WG2-AR5のSPMは次の3つのセクションから構成されている。

  • A.複雑かつ変化しつつある世界において観測されている影響、脆弱性、適応
  • B.将来リスクと適応機会
  • C.将来リスクの管理とレジリエンスの構築

セクションAでは、今日までに観測された影響、脆弱性、曝露、適応的対応についての研究知見の評価について記述されている。2013年9月に公表された第1作業部会第5次評価報告書(WG1-AR5)では、1880〜2012年の世界平均気温の変化傾向が0.85°C上昇(90%信頼区間:0.65〜1.06°C)であることを含め、すでに気温変化や降水量変化などの形で気候変化が進行しつつあることを示した。そのような気候変化の進行をふまえると、気候変化の各セクタ・地域への影響も発現しつつあるのではないか、観測データに基づいて影響の発現を確かめることが出来るのではないか、といったことが予想される。しかし、長期の観測データを必要とすること、気候変化以外にその他の複数因子が同時に関与して影響が現れる場合が多いことなどから、個別の影響の傾向と気候変化の関係について科学的に厳密に示すこと(影響の検出・原因特定)は容易なことではない。このセクションでは、各セクタ・地域における影響の検出・原因特定の研究の評価が示されている。

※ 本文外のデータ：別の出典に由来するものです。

lemma reported_heads_rule_eq_sn_heads_rule:
  assumes binary: "binary_rule r" and "J' \<subseteq> J" and order: "linear_order_on {e. card e = 2} rk"
  shows "reported_heads_rule rk r J J' = sn_heads_rule r J (J - J')"
proof (intro equalityI subsetI)
  fix h assume "h \<in> reported_heads_rule rk r J J'"
  then obtain C e where clique: "is_clique (scg_verts r) (scg_edges r J) (card (vars_rule r)) C"
    and e: "e \<in> scg_edges r J - scg_edges r J'" "e \<subseteq> C"
    and h: "h = ground_atom (clique_subst C) (head r)"
    unfolding reported_heads_rule_def by blast
  have C: "C = subst_clique (clique_subst C) r"
    using clique binary binary_rule_finite_vars clique_eq_subst_clique by blast
  then have "applicable J r (clique_subst C)"
    using clique is_clique_subst_clique_iff_applicable[OF binary] by metis
  moreover have "ground_pos r (clique_subst C) \<inter> (J - J') \<noteq> {}"
    using delta_edge_in_subst_clique_iff[OF binary \<open>J' \<subseteq> J\<close> \<open>applicable J r (clique_subst C)\<close>] e C
    by blast
  ultimately show "h \<in> sn_heads_rule r J (J - J')"
    unfolding sn_heads_rule_def h by blast
next
  fix h assume "h \<in> sn_heads_rule r J (J - J')"
  then obtain \<rho> where applicable: "applicable J r \<rho>" and new: "ground_pos r \<rho> \<inter> (J - J') \<noteq> {}"
    and h: "h = ground_atom \<rho> (head r)"
    unfolding sn_heads_rule_def by blast
  define C where "C = subst_clique \<rho> r"
  define E where "E = scg_edges r J - scg_edges r J'"
  have clique: "is_clique (scg_verts r) (scg_edges r J) (card (vars_rule r)) C"
    unfolding C_def using is_clique_subst_clique_iff_applicable[OF binary] applicable by blast
  obtain e where "e \<in> E" "e \<subseteq> C"
    using delta_edge_in_subst_clique_iff[OF binary \<open>J' \<subseteq> J\<close> applicable] new
    unfolding C_def E_def by blast
  moreover have "finite C" using clique by (simp add: is_clique_def)
  moreover have "{e \<in> E. e \<subseteq> C} \<subseteq> {e. card e = 2}" using card_scg_edge unfolding E_def by blast
  ultimately have owner: "owner rk E C \<in> E \<and> owner rk E C \<subseteq> C"
    using owner_mem[OF order] by blast
  have "h = ground_atom (clique_subst C) (head r)"
    unfolding h C_def
    by (rule ground_atom_cong) (simp add: clique_subst_subst_clique vars_rule_def)
  then show "h \<in> reported_heads_rule rk r J J'"
    unfolding reported_heads_rule_def using clique owner unfolding E_def by blast
qed

theorem theorem2:
  fixes F :: "('p,'o) fact set" and Rs :: "('p,'v,'o) rule set"
    and ar :: "'p \<Rightarrow> nat" and strat :: "'p \<Rightarrow> nat" and l i t :: nat
    and rk :: "('v \<times> 'o) set rel"
  assumes "wf_program ar F Rs"
    and "stratification Rs l strat"
    and "i \<in> {1..l}"
    and "\<forall>r\<in>rule_stratum Rs strat i. card (vars_rule r) \<ge> 2"
    and "\<forall>r\<in>rule_stratum Rs strat i. \<forall>b\<in>body r. card (vars_lit b) \<le> 2"
    and "linear_order_on {e. card e = 2} rk"
  shows "reported_heads F Rs strat rk i t
           = sn_heads (rule_stratum Rs strat i) (Jst F Rs strat i t) (Dst F Rs strat i t)
         \<and> Dst F Rs strat i (Suc t) = reported_heads F Rs strat rk i t - Jst F Rs strat i t"
proof -
  have "reported_heads_rule rk r (Jst F Rs strat i t) (Jprev F Rs strat i t)
      = sn_heads_rule r (Jst F Rs strat i t) (Dst F Rs strat i t)"
    if "r \<in> rule_stratum Rs strat i" for r
    unfolding Dst_eq_Jst_Diff_Jprev
    using that assms(4,5)
    by (intro reported_heads_rule_eq_sn_heads_rule Jprev_subset_Jst assms(6)) (simp add: binary_rule_def)
  then have "reported_heads F Rs strat rk i t
      = sn_heads (rule_stratum Rs strat i) (Jst F Rs strat i t) (Dst F Rs strat i t)"
    unfolding reported_heads_eq_UN sn_heads_eq_UN by (rule SUP_cong[OF refl])
  then show ?thesis using Dst_Suc by simp
qed

end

一方、セクションBでは将来予測について論じられている。すなわち、今後数十年、さらに21世紀後半、影響の種類によってはその先の期間までを見据え、各セクタ・地域で予期される影響リスクおよび潜在的便益について、最新の見解をまとめている。影響リスクについては、気候変化の大きさと速度ならびに社会経済的な選択による差異も議論されている。また、適応及び緩和の両対策(地球環境豆知識参照)による影響軽減・リスク管理の可能性についても評価している。

さらに、セクションCでは、効果的な適応の要件や、より幅広な、適応、緩和、持続可能な発展の間の相互作用などについて考察している。気候変化リスク管理には、将来世代、経済、環境に密接な関係を持つ、適応・緩和に係る意思決定が含まれる。セクションCでは、適応の限界、気候に対してレジリエントな発展経路、変革の役割についても論じている。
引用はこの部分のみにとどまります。